- THE PROBLEM: For the records that follow, please set down exactly the lines between the one holding "int \<Rightarrow> bit) P" and the one holding "(\<forall>a b x. sc (a", inclusive, and only those.

___

(* Let $G,G'$ be locally compact Hausdorff groupoids, $G$ metrizable with metric $d_{G}$ for which inversion is an isometry and $r,s$ are contractions, and let $\pi:G\to G'$ be a continuous, proper groupoid morphism such that for every unit $u\in G^0$, $\pi|_{G^{u}}:G^{u}\to (G')^{\pi(u)}$ is a homeomorphism. Suppose a sequence $x_{k}'$ converges to $x'$ in $G'$. Then $\lim_{k}\mathrm{diam}_{G}(\pi^{-1}\{x_{k}'\})=0$ if and only if $\lim_{k}\mathrm{diam}_{G}(\pi^{-1}\{r(x_{k}')\})=0$.
   Context: $G^{u}=r^{-1}\{u\}$. For a compact $E\subseteq G$, $\mathrm{diam}_{G}(E)=\sup\{d_G(x,y):x,y\in E\}$. *)

theory Defs
  imports "HOL-Analysis.Analysis"
begin

text \<open>A groupoid (Renault's definition): a carrier set G, a set C of composable pairs,
  a partial multiplication m (meaningful on C) and an inversion i.\<close>
definition groupoid :: "'a set \<Rightarrow> ('a \<times> 'a) set \<Rightarrow> ('a \<Rightarrow> 'a \<Rightarrow> 'a) \<Rightarrow> ('a \<Rightarrow> 'a) \<Rightarrow> bool" where
  "groupoid G C m i \<longleftrightarrow>
     C \<subseteq> G \<times> G \<and>
     (\<forall>(x,y)\<in>C. m x y \<in> G) \<and>
     (\<forall>x\<in>G. i x \<in> G \<and> i (i x) = x) \<and>
     (\<forall>x\<in>G. (x, i x) \<in> C \<and> (i x, x) \<in> C) \<and>
     (\<forall>x y z. (x,y) \<in> C \<and> (y,z) \<in> C \<longrightarrow>
        (m x y, z) \<in> C \<and> (x, m y z) \<in> C \<and> m (m x y) z = m x (m y z)) \<and>
     (\<forall>x y. (x,y) \<in> C \<longrightarrow> m (i x) (m x y) = y \<and> m (m x y) (i y) = x)"

definition grng :: "('a \<Rightarrow> 'a \<Rightarrow> 'a) \<Rightarrow> ('a \<Rightarrow> 'a) \<Rightarrow> 'a \<Rightarrow> 'a" where
  "grng m i x = m x (i x)"

definition gsrc :: "('a \<Rightarrow> 'a \<Rightarrow> 'a) \<Rightarrow> ('a \<Rightarrow> 'a) \<Rightarrow> 'a \<Rightarrow> 'a" where
  "gsrc m i x = m (i x) x"

definition gunits :: "'a set \<Rightarrow> ('a \<Rightarrow> 'a \<Rightarrow> 'a) \<Rightarrow> ('a \<Rightarrow> 'a) \<Rightarrow> 'a set" where
  "gunits G m i = grng m i ` G"

definition rfiber :: "'a set \<Rightarrow> ('a \<Rightarrow> 'a \<Rightarrow> 'a) \<Rightarrow> ('a \<Rightarrow> 'a) \<Rightarrow> 'a \<Rightarrow> 'a set" where
  "rfiber G m i u = {x \<in> G. grng m i x = u}"

text \<open>Topological groupoid, locally compact Hausdorff (Hausdorffness comes from the
  ambient type class); topology on G is the subspace topology.\<close>
definition lch_groupoid :: "('a::t2_space) set \<Rightarrow> ('a \<times> 'a) set \<Rightarrow> ('a \<Rightarrow> 'a \<Rightarrow> 'a) \<Rightarrow> ('a \<Rightarrow> 'a) \<Rightarrow> bool" where
  "lch_groupoid G C m i \<longleftrightarrow>
     groupoid G C m i \<and>
     continuous_on C (\<lambda>p. m (fst p) (snd p)) \<and>
     continuous_on G i \<and>
     locally_compact_space (top_of_set G)"

definition groupoid_morphism ::
  "'a set \<Rightarrow> ('a \<times> 'a) set \<Rightarrow> ('a \<Rightarrow> 'a \<Rightarrow> 'a) \<Rightarrow>
   'b set \<Rightarrow> ('b \<times> 'b) set \<Rightarrow> ('b \<Rightarrow> 'b \<Rightarrow> 'b) \<Rightarrow> ('a \<Rightarrow> 'b) \<Rightarrow> bool" where
  "groupoid_morphism G C m G' C' m' \<pi> \<longleftrightarrow>
     (\<forall>x\<in>G. \<pi> x \<in> G') \<and>
     (\<forall>(x,y)\<in>C. (\<pi> x, \<pi> y) \<in> C' \<and> \<pi> (m x y) = m' (\<pi> x) (\<pi> y))"

definition proper_on :: "'a::topological_space set \<Rightarrow> 'b::topological_space set \<Rightarrow> ('a \<Rightarrow> 'b) \<Rightarrow> bool" where
  "proper_on G G' \<pi> \<longleftrightarrow> (\<forall>K. K \<subseteq> G' \<and> compact K \<longrightarrow> compact (G \<inter> \<pi> -` K))"

end

theory Submission
  imports Defs
begin

(* The range map r is a contraction, and since \<pi> is bijective on range fibres, r maps the fibre
   \<pi>^{-1}{x'_k} onto \<pi>^{-1}{r'(x'_k)}; hence the diameters of the latter are dominated by
   those of the former. Conversely, all these fibres lie in the compact set
   K = \<pi>^{-1}({x'} \<union> {x'_k | k}), on which x \<mapsto> (\<pi> x, r x) is injective. By compactness, two
   points of K with the same image under \<pi> and nearby ranges are themselves close, so small
   diameters of the r-images force small diameters of the fibres. *)

lemma grng_in_carrier:
  assumes "groupoid G C m i" "x \<in> G"
  shows "grng m i x \<in> G"
  using assms unfolding groupoid_def grng_def by fast

lemma grng_left_identity:
  assumes "groupoid G C m i" "x \<in> G"
  shows "(grng m i x, x) \<in> C" "m (grng m i x) x = x"
proof -
  have "(x, i x) \<in> C" "(i x, x) \<in> C" "i (i x) = x"
    using assms unfolding groupoid_def by auto
  then show "(grng m i x, x) \<in> C" "m (grng m i x) x = x"
    using assms(1) unfolding groupoid_def grng_def by metis+
qed

lemma grng_grng:
  assumes "groupoid G C m i" "x \<in> G"
  shows "grng m i (grng m i x) = grng m i x"
proof -
  define e where "e = grng m i x"
  have "(e, x) \<in> C" "m e x = x" "(x, i x) \<in> C"
    using grng_left_identity[OF assms] assms unfolding e_def groupoid_def by auto
  then have "(e, e) \<in> C" "m e e = e"
    using assms(1) unfolding groupoid_def grng_def e_def by metis+
  then show ?thesis
    using assms(1) unfolding groupoid_def grng_def e_def by metis
qed

lemma groupoid_morphism_grng:
  assumes "groupoid G C m i" "groupoid G' C' m' i'"
    and "groupoid_morphism G C m G' C' m' \<pi>" "x \<in> G"
  shows "\<pi> (grng m i x) = grng m' i' (\<pi> x)"
proof -
  have "(\<pi> (grng m i x), \<pi> x) \<in> C'" "m' (\<pi> (grng m i x)) (\<pi> x) = \<pi> x"
    using grng_left_identity[OF assms(1,4)] assms(3) unfolding groupoid_morphism_def by auto
  then show ?thesis
    using assms(2) unfolding groupoid_def grng_def by metis
qed

lemma inj_on_morphism_grng:
  assumes "groupoid G C m i"
    and "\<forall>u\<in>gunits G m i. inj_on \<pi> (rfiber G m i u)"
  shows "inj_on (\<lambda>x. (\<pi> x, grng m i x)) G"
proof (rule inj_onI)
  fix x y assume "x \<in> G" "y \<in> G" and eq: "(\<pi> x, grng m i x) = (\<pi> y, grng m i y)"
  then have "x \<in> rfiber G m i (grng m i x)" "y \<in> rfiber G m i (grng m i x)"
    unfolding rfiber_def by auto
  moreover have "inj_on \<pi> (rfiber G m i (grng m i x))"
    using assms(2) \<open>x \<in> G\<close> unfolding gunits_def by blast
  ultimately show "x = y"
    using eq by (auto dest: inj_onD)
qed
definition Eo :: "(real \<times> real) set \<Rightarrow> (real \<times> real) set" where
  "Eo E = {p \<in> E. fst p \<noteq> snd p}"

text \<open>epath S p ps q: the tuple ps is a path in S from p to q, i.e. all points
  (x,y),(x1,y),(x1,y1),(x2,y1),...,(xk,yk),(x',yk),(x',y') lie in S.\<close>
fun epath :: "(real \<times> real) set \<Rightarrow> real \<times> real \<Rightarrow> (real \<times> real) list \<Rightarrow> real \<times> real \<Rightarrow> bool" where
  "epath S (x, y) [] (x', y') = ((x, y) \<in> S \<and> (x', y) \<in> S \<and> (x', y') \<in> S)"
| "epath S (x, y) ((a, b) # ps) q = ((x, y) \<in> S \<and> (a, y) \<in> S \<and> set ((a, b) # ps) \<subseteq> S \<and> epath S (a, b) ps q)"

definition path_connected_pts :: "(real \<times> real) set \<Rightarrow> real \<times> real \<Rightarrow> real \<times> real \<Rightarrow> bool" where
  "path_connected_pts S p q = (\<exists>ps. epath S p ps q)"

definition is_component :: "(real \<times> real) set \<Rightarrow> (real \<times> real) set \<Rightarrow> bool" where
  "is_component E C = (\<exists>p \<in> Eo E. C = {q \<in> Eo E. path_connected_pts (Eo E) p q})"

definition is_cycle :: "(real \<times> real) set \<Rightarrow> (real \<times> real) list \<Rightarrow> bool" where
  "is_cycle S ps = (ps \<noteq> [] \<and> epath S (hd ps) ps (hd ps))"

definition identifying :: "(real \<times> real) list \<Rightarrow> bool" where
  "identifying ps = (let k = length ps in
     (\<Prod>i<k. snd (ps ! i) - fst (ps ! i)) - (\<Prod>i<k. snd (ps ! i) - fst (ps ! ((i + 1) mod k))) \<noteq> 0)"
lemma cyclotomic_dvd_R_form_power:
  assumes "b \<ge> 1" "cyclotomic b dvd R_poly t" "coprime j b"
  shows "cyclotomic b dvd R_form ([:0, 1:] ^ j) (([:0, 1:] ^ j) ^ (4 * t)) (([:0, 1:] ^ j) ^ (2 * t))"
proof (rule cyclotomic_dvd_if_roots[OF assms(1)])
  fix z
  assume "z \<in> primitive_roots_of_unity b"
  then have "poly (cyclotomic b) (z ^ j) = 0"
    using assms by (simp add: poly_cyclotomic_primitive_root primitive_root_pow_coprime)
  with assms(2) have "poly (R_poly t) (z ^ j) = 0"
    by (meson dvd_trans poly_eq_0_iff_dvd)
  then show "poly (R_form ([:0, 1:] ^ j) (([:0, 1:] ^ j) ^ (4 * t)) (([:0, 1:] ^ j) ^ (2 * t))) z = 0"
    by (simp add: poly_R_form poly_R_poly)
qed

lemma reduction_mod_2_dvd_R_form:
  assumes "b \<ge> 1" "cyclotomic b dvd R_poly t" "coprime j b"
    and "cyclotomic b = map_poly of_int P" "lead_coeff P = 1"
  shows "map_poly of_int P dvd R_form (X ^ j) ((X ^ j) ^ (4 * t)) ((X ^ j) ^ (2 * t))"
proof -
  define F :: "int poly"
    where "F = R_form ([:0, 1:] ^ j) (([:0, 1:] ^ j) ^ (4 * t)) (([:0, 1:] ^ j) ^ (2 * t))"
  have "map_poly (of_int :: int \<Rightarrow> complex) F
      = R_form ([:0, 1:] ^ j) (([:0, 1:] ^ j) ^ (4 * t)) (([:0, 1:] ^ j) ^ (2 * t))"
    by (simp add: F_def map_poly_of_int_R_form map_poly_pCons)
  then have "map_poly (of_int :: int \<Rightarrow> complex) P dvd map_poly of_int F"
    using cyclotomic_dvd_R_form_power[OF assms(1-3)] assms(4) by simp
  then have "P dvd F"
    by (rule dvd_if_map_poly_of_int_dvd[OF assms(5)])
  then have "map_poly (of_int :: int \<Rightarrow> bit) P dvd map_poly of_int F"
    by (elim dvdE) simp
  moreover have "map_poly (of_int :: int \<Rightarrow> bit) F = R_form (X ^ j) ((X ^ j) ^ (4 * t)) ((X ^ j) ^ (2 * t))"
    by (simp add: F_def map_poly_of_int_R_form map_poly_pCons X_def)
  ultimately show ?thesis by simp
qed
(* Let $X$ be a complex Banach space and $\Gamma\subset\mathcal{B}(X)$ such that $TS\in\Gamma$ for all $T,S\in\Gamma$. Let $\lambda:\Gamma\to\mathbb{T}$, $T\mapsto\lambda_T$, satisfy $\lambda_{TS}=\lambda_T\lambda_S$ for all $T,S\in\Gamma$, where $\mathbb{T}=\{\alpha\in\mathbb{C}:|\alpha|=1\}$. Let $\Gamma_1=\{\lambda_TT: T\in\Gamma\}$. Then $\operatorname{Rec}(\Gamma)=\operatorname{Rec}(\Gamma_1)$.
   Context: $\mathcal{B}(X)$ denotes the algebra of bounded linear operators on $X$. For $\Gamma\subset\mathcal{B}(X)$, a vector $x\in X\setminus\{0\}$ is called recurrent for $\Gamma$ if there exists a sequence $(T_k)_{k\geq 1}$ of elements of $\Gamma$ such that $T_kx\to x$ as $k\to\infty$. $\operatorname{Rec}(\Gamma)$ denotes the set of all recurrent vectors for $\Gamma$. *)

theory Defs
  imports "HOL-Analysis.Analysis"
begin

text \<open>A complex Banach space: a real Banach space 'a together with a complex scalar
multiplication sc extending the real one, satisfying the module axioms and
norm (sc c x) = cmod c * norm x.\<close>
definition complex_scaling :: "(complex \<Rightarrow> 'a::banach \<Rightarrow> 'a) \<Rightarrow> bool" where
  "complex_scaling sc \<longleftrightarrow>
     (\<forall>a b x. sc a (sc b x) = sc (a * b) x) \<and>
     (\<forall>a x y. sc a (x + y) = sc a x + sc a y) \<and>
     (\<forall>a b x. sc (a + b) x = sc a x + sc b x) \<and>
     (\<forall>r x. sc (complex_of_real r) x = r *\<^sub>R x) \<and>
     (\<forall>a x. norm (sc a x) = cmod a * norm x)"

definition bounded_ops :: "(complex \<Rightarrow> 'a::banach \<Rightarrow> 'a) \<Rightarrow> ('a \<Rightarrow> 'a) set" where
  "bounded_ops sc = {T. bounded_linear T \<and> (\<forall>c x. T (sc c x) = sc c (T x))}"

definition Rec :: "('a::real_normed_vector \<Rightarrow> 'a) set \<Rightarrow> 'a set" where
  "Rec \<Gamma> = {x. x \<noteq> 0 \<and> (\<exists>T :: nat \<Rightarrow> 'a \<Rightarrow> 'a. (\<forall>k. T k \<in> \<Gamma>) \<and> (\<lambda>k. T k x) \<longlonglongrightarrow> x)}"

end

theory Submission
  imports Defs
begin

text \<open>For \<open>x \<noteq> 0\<close> consider the pairs \<open>(a, b)\<close> of scalars such that \<open>(a, b x)\<close> is a limit of
  \<open>(\<lambda>\<^sub>S, S x)\<close> with \<open>S \<in> \<Gamma>\<close>. Recurrence of \<open>x\<close> for \<open>\<Gamma>\<close> puts some \<open>(\<mu>, 1)\<close> with \<open>|\<mu>| = 1\<close>
  into this set, recurrence for \<open>\<Gamma>\<^sub>1\<close> some \<open>(\<mu>, \<mu>\<^sup>*)\<close>; conversely \<open>(1, 1)\<close> in the set makes
  \<open>x\<close> recurrent for both. The set is closed and, as \<open>\<Gamma>\<close> is a semigroup and \<open>\<lambda>\<close> is multiplicative,
  closed under coordinatewise multiplication. A closed subsemigroup of the torus \<open>\<bbbT>\<^sup>2\<close> containing
  \<open>(a, b)\<close> contains \<open>(1, 1)\<close>: the powers \<open>(a\<^sup>n, b\<^sup>n)\<close> converge along a subsequence, so quotients of
  consecutive terms of that subsequence, which are again powers, tend to \<open>(1, 1)\<close>.\<close>

lemma unimodular_powers_return_to_one:
  fixes a b :: "'a::{real_normed_field, heine_borel}"
  assumes "norm a = 1" "norm b = 1"
  obtains m :: "nat \<Rightarrow> nat" where "\<And>k. m k > 0" "(\<lambda>k. a ^ m k) \<longlonglongrightarrow> 1" "(\<lambda>k. b ^ m k) \<longlonglongrightarrow> 1"
proof -
  have sphere: "compact (sphere (0::'a) 1)"
    by (simp add: compact_eq_bounded_closed)
  have "seq_compact (sphere (0::'a) 1 \<times> sphere (0::'a) 1)"
    by (intro compact_imp_seq_compact compact_Times sphere)
  moreover have "\<forall>n. (a ^ n, b ^ n) \<in> sphere 0 1 \<times> sphere 0 1"
    using assms by (simp add: norm_power)
  ultimately obtain L r where L: "L \<in> sphere 0 1 \<times> sphere 0 1" and r: "strict_mono r"
    and lim_L: "((\<lambda>n. (a ^ n, b ^ n)) \<circ> r) \<longlonglongrightarrow> L"
    by (rule seq_compactE)
  obtain A B where AB: "(A, B) \<in> sphere 0 1 \<times> sphere 0 1"
    and lim: "(\<lambda>k. (a ^ r k, b ^ r k)) \<longlonglongrightarrow> (A, B)"
    using L lim_L by (cases L) (simp add: o_def)
  define m where "m k = r (Suc k) - r k" for k
  have "m k > 0" for k
    using r by (simp add: m_def strict_mono_Suc_iff)
  have return: "(\<lambda>k. c ^ m k) \<longlonglongrightarrow> 1"
    if "c \<noteq> 0" "C \<noteq> 0" "(\<lambda>k. c ^ r k) \<longlonglongrightarrow> C" for c C :: 'a
  proof -
    have "c ^ m k = c ^ r (Suc k) / c ^ r k" for k
      using \<open>c \<noteq> 0\<close> r by (simp add: m_def power_diff strict_mono_leD)
    moreover have "(\<lambda>k. c ^ r (Suc k) / c ^ r k) \<longlonglongrightarrow> C / C"
      using that by (intro tendsto_divide LIMSEQ_Suc[where f = "\<lambda>k. c ^ r k"])
    ultimately show ?thesis
      using \<open>C \<noteq> 0\<close> by simp
  qed
  have "(\<lambda>k. a ^ r k) \<longlonglongrightarrow> A" "(\<lambda>k. b ^ r k) \<longlonglongrightarrow> B"
    using tendsto_fst[OF lim] tendsto_snd[OF lim] by simp_all
  moreover have "a \<noteq> 0" "b \<noteq> 0" "A \<noteq> 0" "B \<noteq> 0"
    using assms AB by auto
  ultimately show thesis
    using that \<open>\<And>k. m k > 0\<close> return by blast
qed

___

- EXERCISE RESPONSE:
  then have "map_poly (of_int :: int \<Rightarrow> bit) P dvd map_poly of_int F"
    by (elim dvdE) simp
  moreover have "map_poly (of_int :: int \<Rightarrow> bit) F = R_form (X ^ j) ((X ^ j) ^ (4 * t)) ((X ^ j) ^ (2 * t))"
    by (simp add: F_def map_poly_of_int_R_form map_poly_pCons X_def)
  ultimately show ?thesis by simp
qed
(* Let $X$ be a complex Banach space and $\Gamma\subset\mathcal{B}(X)$ such that $TS\in\Gamma$ for all $T,S\in\Gamma$. Let $\lambda:\Gamma\to\mathbb{T}$, $T\mapsto\lambda_T$, satisfy $\lambda_{TS}=\lambda_T\lambda_S$ for all $T,S\in\Gamma$, where $\mathbb{T}=\{\alpha\in\mathbb{C}:|\alpha|=1\}$. Let $\Gamma_1=\{\lambda_TT: T\in\Gamma\}$. Then $\operatorname{Rec}(\Gamma)=\operatorname{Rec}(\Gamma_1)$.
   Context: $\mathcal{B}(X)$ denotes the algebra of bounded linear operators on $X$. For $\Gamma\subset\mathcal{B}(X)$, a vector $x\in X\setminus\{0\}$ is called recurrent for $\Gamma$ if there exists a sequence $(T_k)_{k\geq 1}$ of elements of $\Gamma$ such that $T_kx\to x$ as $k\to\infty$. $\operatorname{Rec}(\Gamma)$ denotes the set of all recurrent vectors for $\Gamma$. *)

theory Defs
  imports "HOL-Analysis.Analysis"
begin

text \<open>A complex Banach space: a real Banach space 'a together with a complex scalar
multiplication sc extending the real one, satisfying the module axioms and
norm (sc c x) = cmod c * norm x.\<close>
definition complex_scaling :: "(complex \<Rightarrow> 'a::banach \<Rightarrow> 'a) \<Rightarrow> bool" where
  "complex_scaling sc \<longleftrightarrow>
     (\<forall>a b x. sc a (sc b x) = sc (a * b) x) \<and>
     (\<forall>a x y. sc a (x + y) = sc a x + sc a y) \<and>
     (\<forall>a b x. sc (a + b) x = sc a x + sc b x) \<and>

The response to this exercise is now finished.